表示pytest的作用域，在声明的方法上加入，可以让pytest自己根据参数的名字找到对应的对象，使开发者不需要在传入对象或创建对象。例如在执行一个测试方法时，所有对象都要重建，pytest会帮我们把所有对象重建，再执行测试逻辑；因此对象生成最好写一个方法来返回产生。

有时候pytest会失败，将执行目录切换到test资料夹的父目录storeapi就可以运行成功。

@pytest.mark.anyio

要测试的方法，前面要加上的签名。然后定义的方法能传入前面有@pytest.fixture()的声明方法参数。

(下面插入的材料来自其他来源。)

(* Let $Y\subset\mathbb C^n$ be a $k$-dimensional subspace with basis $b^i=(b^i_1,\dots,b^i_n)$, $i=1,\dots,k$, and $a\in(\mathbb C^\times)^n$; assume that for every $j$, $Y\not\subset\{q_j=0\}$ and $Y^\perp\not\subset\{p_j=0\}$. For a $k$-element subset $I$ such that $q_I$ is a coordinate system on $Y$, let $\mathrm{Jac}_I(q_I,p_{\bar I})$ be the Jacobian of the projection $\pi_{L_{Y,a}}:L_{Y,a}\to\mathbb C^n$ with respect to the ordered coordinates $(q_I,p_{\bar I})$ on $L_{Y,a}$ and $(q_1,\dots,q_n)$ on $\mathbb C^n$. Then the function $d_I^2\,\mathrm{Jac}_I$ on $L_{Y,a}$ does not depend on the choice of such $I$, and $$d_I^2\,\mathrm{Jac}_I=(-1)^{n-k}\sum_{M\subset\{1,\dots,n\},\,|M|=n-k}d_{\bar M}^2\prod_{j\in M}\frac{a_j}{p_j^2}.$$
   Context: $\mathbb C^n$ has coordinates $q_1,\dots,q_n$, $(\mathbb C^n)^*$ has dual coordinates $p_1,\dots,p_n$; $Y^\perp$ is the annihilator of $Y$. $r_a(q,p)=(q_1+a_1/p_1,\dots,q_n+a_n/p_n,p)$ (defined where all $p_j\ne0$) and $L_{Y,a}=r_a(Y\times Y^\perp)$, the variety in $\mathbb C^n\times\{\prod p_j\ne0\}$ given by $\sum_j\alpha_jp_j=0$ ($\alpha\in Y$), $\sum_j\beta_j(q_j-a_j/p_j)=0$ ($\beta\in Y^\perp$); $\pi_{L_{Y,a}}$ is the restriction of the projection $\mathbb C^n\times(\mathbb C^n)^*\to\mathbb C^n$. For a $k$-subset $I$, $\bar I$ is its complement; when $q_I$ are coordinates on $Y$, $(q_I,p_{\bar I})$ are coordinates on $L_{Y,a}$, ordered by increasing index. For a $k$-subset $I=\{i_1<\dots<i_k\}$, $d_I=\det_{i,l=1}^k(b^i_{i_l})$. *)

theory Defs
  imports "HOL-Analysis.Analysis"
begin
(* For every $\lambda>0$, $\mathrm{KD}_\lambda$ is a metric on $V$: for all $x,y,z\in V$, (1) $\mathrm{KD}_\lambda(x,y)=0$ if and only if $x=y$; (2) $\mathrm{KD}_\lambda(x,y)=\mathrm{KD}_\lambda(y,x)$; (3) $\mathrm{KD}_\lambda(x,z)\le\mathrm{KD}_\lambda(x,y)+\mathrm{KD}_\lambda(y,z)$.
   Context: Let $H=(V,E,w)$ be a weighted hypergraph: $V$ is a finite set, $E$ a set of nonempty subsets of $V$, $w\colon E\to\mathbb{R}_{>0}$. Write $x\sim y$ if some $e\in E$ contains both; $H$ is assumed connected. The degree is $d_x=\sum_{e\ni x}w_e>0$, $D=\mathrm{diag}(d_x)$. The distance $d(x,y)$ is the minimal $n$ with a chain $x=z_0\sim\cdots\sim z_n=y$. $\delta_x$ is the indicator of $x$. $\mathbb{R}^V$ carries the inner product $\langle f,g\rangle=\sum_x f(x)g(x)/d_x$ with norm $\|\cdot\|$. For $e\in E$ let $B_e=\mathrm{Conv}\{\delta_x-\delta_y : x,y\in e\}$. The multivalued hypergraph Laplacian is $L(f)=\{\sum_{e}w_e\mathtt{b}_e(\mathtt{b}_e^\top f) : \mathtt{b}_e\in\operatorname{argmax}_{\mathtt b\in B_e}\mathtt b^\top f\}$ and the normalized Laplacian is $\mathcal{L}f=L(D^{-1}f)$, a maximal monotone operator on $(\mathbb{R}^V,\langle\cdot,\cdot\rangle)$. For $\lambda>0$ the resolvent $J_\lambda=(I+\lambda\mathcal L)^{-1}$ is a single-valued map $\mathbb{R}^V\to\mathbb{R}^V$ (equivalently $J_\lambda f=\operatorname{argmin}_g\{\frac{1}{2\lambda}\|f-g\|^2+Q(D^{-1}g)\}$, $Q(g)=\frac12\sum_e w_e\max_{x,y\in e}(g(x)-g(y))^2$). A function $f$ is weighted $1$-Lipschitz if $|f(x)/d_x-f(y)/d_y|\le d(x,y)$ for all $x,y$; $\mathrm{Lip}^1_w(V)$ denotes the set of such functions. $\mathrm{KD}_\lambda(x,y)=\sup\{\langle J_\lambda f,\delta_x-\delta_y\rangle : f\in\mathrm{Lip}^1_w(V)\}$. *)

theory Defs
  imports "HOL-Analysis.Analysis"
begin
(* Let $V\subseteq\mathcal V$ be finite and let $\Theta,\Psi\subseteq\mathcal P(\mathcal H_V)$ be convex and closed. (1) If $\Theta\neq\emptyset$, then $\Theta\preceq_{dem}\Psi$ iff $\Theta\le_S\Psi$. (2) If $\Psi\neq\emptyset$, then $\Theta\preceq_{ang}\Psi$ iff $\Theta\le_H\Psi$.
   Context: $\mathcal H_V$ is a finite-dimensional Hilbert space (tensor product of qubit spaces). $\mathcal D(\mathcal H_V)$: partial density operators (positive, trace $\le1$); $\mathcal P(\mathcal H_V)$: effects (positive operators with eigenvalues in $[0,1]$); $\sqsubseteq$: Löwner order. For $\Theta\subseteq\mathcal P(\mathcal H_V)$ and $\rho\in\mathcal D(\mathcal H_V)$: $\mathrm{Exp}_{dem}(\rho\models\Theta)=\inf_{M\in\Theta}{\rm tr}(M\rho)$ (equal to ${\rm tr}(\rho)$ if $\Theta=\emptyset$) and $\mathrm{Exp}_{ang}(\rho\models\Theta)=\sup_{M\in\Theta}{\rm tr}(M\rho)$ (equal to $0$ if $\Theta=\emptyset$). $\Theta\preceq_{dem}\Psi$ iff $\mathrm{Exp}_{dem}(\rho\models\Theta)\le\mathrm{Exp}_{dem}(\rho\models\Psi)$ for all $\rho\in\mathcal D(\mathcal H_V)$; $\Theta\preceq_{ang}\Psi$ iff $\mathrm{Exp}_{ang}(\rho\models\Theta)\le\mathrm{Exp}_{ang}(\rho\models\Psi)$ for all $\rho\in\mathcal D(\mathcal H_V)$. $\Theta\le_H\Psi$ iff $\forall M\in\Theta\,\exists N\in\Psi: M\sqsubseteq N$; $\Theta\le_S\Psi$ iff $\forall N\in\Psi\,\exists M\in\Theta:M\sqsubseteq N$. *)

theory Defs
  imports "HOL-Analysis.Analysis"
begin

text \<open>Operators on the Hilbert space H_V are complex n x n matrices, indexed by a finite type 'n.\<close>

definition cadj :: "complex^'n^'n \<Rightarrow> complex^'n^'n" where
  "cadj A = (\<chi> i j. cnj (A $ j $ i))"

definition qform :: "complex^'n^'n \<Rightarrow> complex^'n \<Rightarrow> complex" where
  "qform A x = (\<Sum>i\<in>UNIV. cnj (x $ i) * (A *v x) $ i)"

@pytest.mark.parametrize()

想重复跑一个方法不同的参数，可以用这个声明，在parentheses里用字符串逗号来区分参数名，用bracket来区分每次的呼叫，用tuple来区分呼叫传入的参数：

@pytest.mark.anyio
@pytest.mark.parametrize(
    "sorting, expected_order",
    [
        (PostSorting.new.value, [2, 1]),
        (PostSorting.old.value, [1, 2])
    ],
)
async def test_get_all_posts_sorting(
    async_client: AsyncClient,
    logged_in_token: str,
    sorting: str,
    expected_order: list[int],
): #....

pytest-coverage

想要知道测试漏掉了哪些方法，可以安装pytest-cov模块。

# 待测试，大陆不能安转
# pytest --cov=storeapi -k test_generate_and_add_to_post_success

Logging

最基础的log设定方式，能够日志console和file，在专案目录下创建一个loggin_conf.py的设定档案：

import logging
from logging.config import dictConfig

handlers = ["default", "rotating_file"]
def configure_logging() -> None:
    dictConfig(
        {
            "version": 1,
            "disable_existing_loggers": False,
            "formatters": {
                "console": {
                    "class": "logging.Formatter",
                    "datefmt": "%Y-%m-%dT%H:%M:%S",
                    "format": "%(name)s:%(lineno)d - %(message)s",
                },
                "file": {
                    "class": "logging.Formatter",  # "pythonjsonlogger.jsonlogger.JsonFormatter",
                    "datefmt": "%Y-%m-%dT%H:%M:%S",
                    # For JsonFormatter, the format string just defines what keys are included in the log record
                    # It's a bit clunky, but it's the way to do it for now
                    "format": "%(asctime)s %(msecs)03d %(levelname)-s %(name)s %(lineno)d %(message)s",
                },
            },
            "handlers": {
                "default": {
                    "class": "logging.StreamHandler", #"rich.logging.RichHandler"
                    "level": "DEBUG",
                    "formatter": "console",
                },
                "rotating_file": {
                    "class": "logging.handlers.RotatingFileHandler",
                    "level": "DEBUG",
                    "formatter": "file",
                    "filename": "storeapi.log",
                    "maxBytes": 1024 * 1024,  # 1 MB
                    "backupCount": 2,
                    "encoding": "utf8",
                },
            },
            "loggers": {
                # if you would like to cosistent with uvicorn formate
                # "uvicorn": {"handlers": handlers, "level": "INFO"},
                "storeapi": {
                    "handlers": handlers,
                    "level": "DEBUG", #if isinstance(config, DevConfig) else "INFO",
                    "propagate": False,
                },
                # "databases": {"handlers": ["default"], "level": "WARNING"},
                # "aiosqlite": {"handlers": ["default"], "level": "WARNING"},
            },
        }
    )

想要使用"rich.logging.RichHandler"就要安装rich套件。
"pythonjsonlogger.jsonlogger.JsonFormatter"要安装python-json-logger，让输出的日志可以给NoSQL的资料库系统来归档。

Python Basic

Decorator

用来绑定方法的方法，在方法宣告上头加上@func就可以让呼叫自动被@func呼叫为套嵌。e.g.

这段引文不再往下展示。